Źródło: Puls Biznesu, Fakt, Legia.Net

22.03.2018 08:47

(akt. 21.12.2018 15:38)

Prokuratura wszczęła śledztwo, w którym bada, czy urzędnicy popełnili przestępstwo na szkodę klubu Legia Warszawa. Chodzi o zajęcie 5 mln zł z tytułu podatku od nieruchomości.
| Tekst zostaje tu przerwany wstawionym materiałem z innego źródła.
lemma (in cring) genideal_plus_congruent_combination:
  fixes d :: nat
  assumes N: "ideal N R" and G: "\<forall>l<d. G l \<in> carrier R" and Gen: "Gen \<subseteq> carrier R"
    and gens: "\<forall>x\<in>Gen. \<exists>\<beta>. (\<forall>l<d. \<beta> l \<in> carrier R) \<and> x \<ominus> (\<Oplus>l\<in>{..<d}. \<beta> l \<otimes> G l) \<in> N"
    and x: "x \<in> Idl Gen <+>\<^bsub>R\<^esub> N"
  obtains \<beta> where "\<forall>l<d. \<beta> l \<in> carrier R" "x \<ominus> (\<Oplus>l\<in>{..<d}. \<beta> l \<otimes> G l) \<in> N"
proof -
  define S where "S \<beta> = (\<Oplus>l\<in>{..<d}. \<beta> l \<otimes> G l)" for \<beta>
  have Sc: "S \<beta> \<in> carrier R" if "\<forall>l<d. \<beta> l \<in> carrier R" for \<beta>
    unfolding S_def using that G by (auto intro!: finsum_closed)
  have S_add: "S (\<lambda>l. \<beta>1 l \<oplus> \<beta>2 l) = S \<beta>1 \<oplus> S \<beta>2"
    if "\<forall>l<d. \<beta>1 l \<in> carrier R" "\<forall>l<d. \<beta>2 l \<in> carrier R" for \<beta>1 \<beta>2
  proof -
    have "S (\<lambda>l. \<beta>1 l \<oplus> \<beta>2 l) = (\<Oplus>l\<in>{..<d}. \<beta>1 l \<otimes> G l \<oplus> \<beta>2 l \<otimes> G l)"
      unfolding S_def using that G by (intro finsum_cong') (auto simp: l_distr)
    also have "\<dots> = S \<beta>1 \<oplus> S \<beta>2" unfolding S_def using that G by (subst finsum_addf) auto
    finally show ?thesis .
  qed
  have S_smult: "S (\<lambda>l. y \<otimes> \<beta> l) = y \<otimes> S \<beta>"
    if "\<forall>l<d. \<beta> l \<in> carrier R" "y \<in> carrier R" for \<beta> y
  proof -
    have "S (\<lambda>l. y \<otimes> \<beta> l) = (\<Oplus>l\<in>{..<d}. y \<otimes> (\<beta> l \<otimes> G l))"
      unfolding S_def using that G by (intro finsum_cong') (auto simp: m_assoc)
    also have "\<dots> = y \<otimes> S \<beta>" unfolding S_def using that G by (subst finsum_rdistr) auto
    finally show ?thesis .
  qed
  define E where "E = {e \<in> carrier R. \<exists>\<beta>. (\<forall>l<d. \<beta> l \<in> carrier R) \<and> e \<ominus> S \<beta> \<in> N}"
  have NE: "N \<subseteq> E"
  proof
    fix y assume y: "y \<in> N"
    have "S (\<lambda>_. \<zero>) = (\<Oplus>l\<in>{..<d}. \<zero>)" unfolding S_def using G by (intro finsum_cong') auto
    then have "S (\<lambda>_. \<zero>) = \<zero>" by simp
    then have "y \<ominus> S (\<lambda>_. \<zero>) \<in> N" using y ideal.Icarr[OF N y] by (simp add: a_minus_def)
    then show "y \<in> E" unfolding E_def using ideal.Icarr[OF N y] by auto
  qed
  have "ideal E R"
  proof (rule ideal_criterion)
    show "E \<subseteq> carrier R" unfolding E_def by blast
    show "\<zero> \<in> E" using NE ideal_zero_closed[OF N] by blast
    show "a \<oplus> b \<in> E" if ab: "a \<in> E" "b \<in> E" for a b
    proof -
      obtain \<beta>1 \<beta>2 where b: "\<forall>l<d. \<beta>1 l \<in> carrier R" "a \<ominus> S \<beta>1 \<in> N"
         "\<forall>l<d. \<beta>2 l \<in> carrier R" "b \<ominus> S \<beta>2 \<in> N" and abc: "a \<in> carrier R" "b \<in> carrier R"
        using ab unfolding E_def by blast
      have "(a \<oplus> b) \<ominus> S (\<lambda>l. \<beta>1 l \<oplus> \<beta>2 l) = (a \<ominus> S \<beta>1) \<oplus> (b \<ominus> S \<beta>2)"
        unfolding S_add[OF b(1,3)] using abc Sc[OF b(1)] Sc[OF b(3)] by algebra
      then have "(a \<oplus> b) \<ominus> S (\<lambda>l. \<beta>1 l \<oplus> \<beta>2 l) \<in> N" using ideal_add_closed[OF N] b by simp
      moreover have "\<forall>l<d. \<beta>1 l \<oplus> \<beta>2 l \<in> carrier R" using b by simp
      ultimately show ?thesis unfolding E_def using abc by (intro CollectI conjI exI[of _ "\<lambda>l. \<beta>1 l \<oplus> \<beta>2 l"]) auto
    qed
    show "y \<otimes> a \<in> E" if ay: "a \<in> E" "y \<in> carrier R" for a y
    proof -
      obtain \<beta> where b: "\<forall>l<d. \<beta> l \<in> carrier R" "a \<ominus> S \<beta> \<in> N" and a: "a \<in> carrier R"
        using ay unfolding E_def by blast
      have "y \<otimes> a \<ominus> S (\<lambda>l. y \<otimes> \<beta> l) = y \<otimes> (a \<ominus> S \<beta>)"
        unfolding S_smult[OF b(1) ay(2)] using a ay(2) Sc[OF b(1)] by algebra
      then have "y \<otimes> a \<ominus> S (\<lambda>l. y \<otimes> \<beta> l) \<in> N" using ideal.I_l_closed[OF N b(2) ay(2)] by simp
      moreover have "\<forall>l<d. y \<otimes> \<beta> l \<in> carrier R" using b ay(2) by simp
      ultimately show ?thesis unfolding E_def using a ay(2) by (intro CollectI conjI exI[of _ "\<lambda>l. y \<otimes> \<beta> l"]) auto
    qed
  qed
  moreover have "Gen \<subseteq> E" unfolding E_def S_def using gens Gen by blast
  ultimately have Gen_E: "Idl Gen \<subseteq> E" using genideal_minimal by blast
  obtain a b where "a \<in> Idl Gen" "b \<in> N" "x = a \<oplus> b" using x unfolding set_add_def' by blast
  then have "x \<in> E" using Gen_E NE ideal_add_closed[OF \<open>ideal E R\<close>] by blast
  then show ?thesis using that unfolding E_def S_def by blast
qed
Koniec grudnia to dla polskich klubów piłkarskich najtrudniejszy moment w sezonie pod względem płynności finansowej. Liga ma przerwę, co oznacza brak wpływów z dnia meczowego, potencjalni sponsorzy dopiero planują budżety na następny sezon, koszty utrzymania drużyny są na stałym poziomie. Ponadto dochodzą dodatkowe wydatki w postaci transferów nowych piłkarzy. W przypadku Legii Warszawa ta ostatnia pozycja miała być znacząca, bo runda jesienna dowiodła, że drużyna potrzebuje wzmocnienia. I w tym momencie z konta stołecznego klubu zniknęło blisko 5 mln zł, zajęte na wniosek Urzędu Dzielnicy Śródmieście Miasta Warszawy. Legia odwołała się do Samorządowego Kolegium Odwoławczego (SKO), dowodząc, że decyzja była nieprawidłowa. Po ponad dwóch miesiącach SKO przyznała rację Legii i nakazała zwrócić klubowi 5 mln zł. Pieniądze wróciły z opóźnieniem i bez odsetek - czytamy w "Pulsie Biznesu".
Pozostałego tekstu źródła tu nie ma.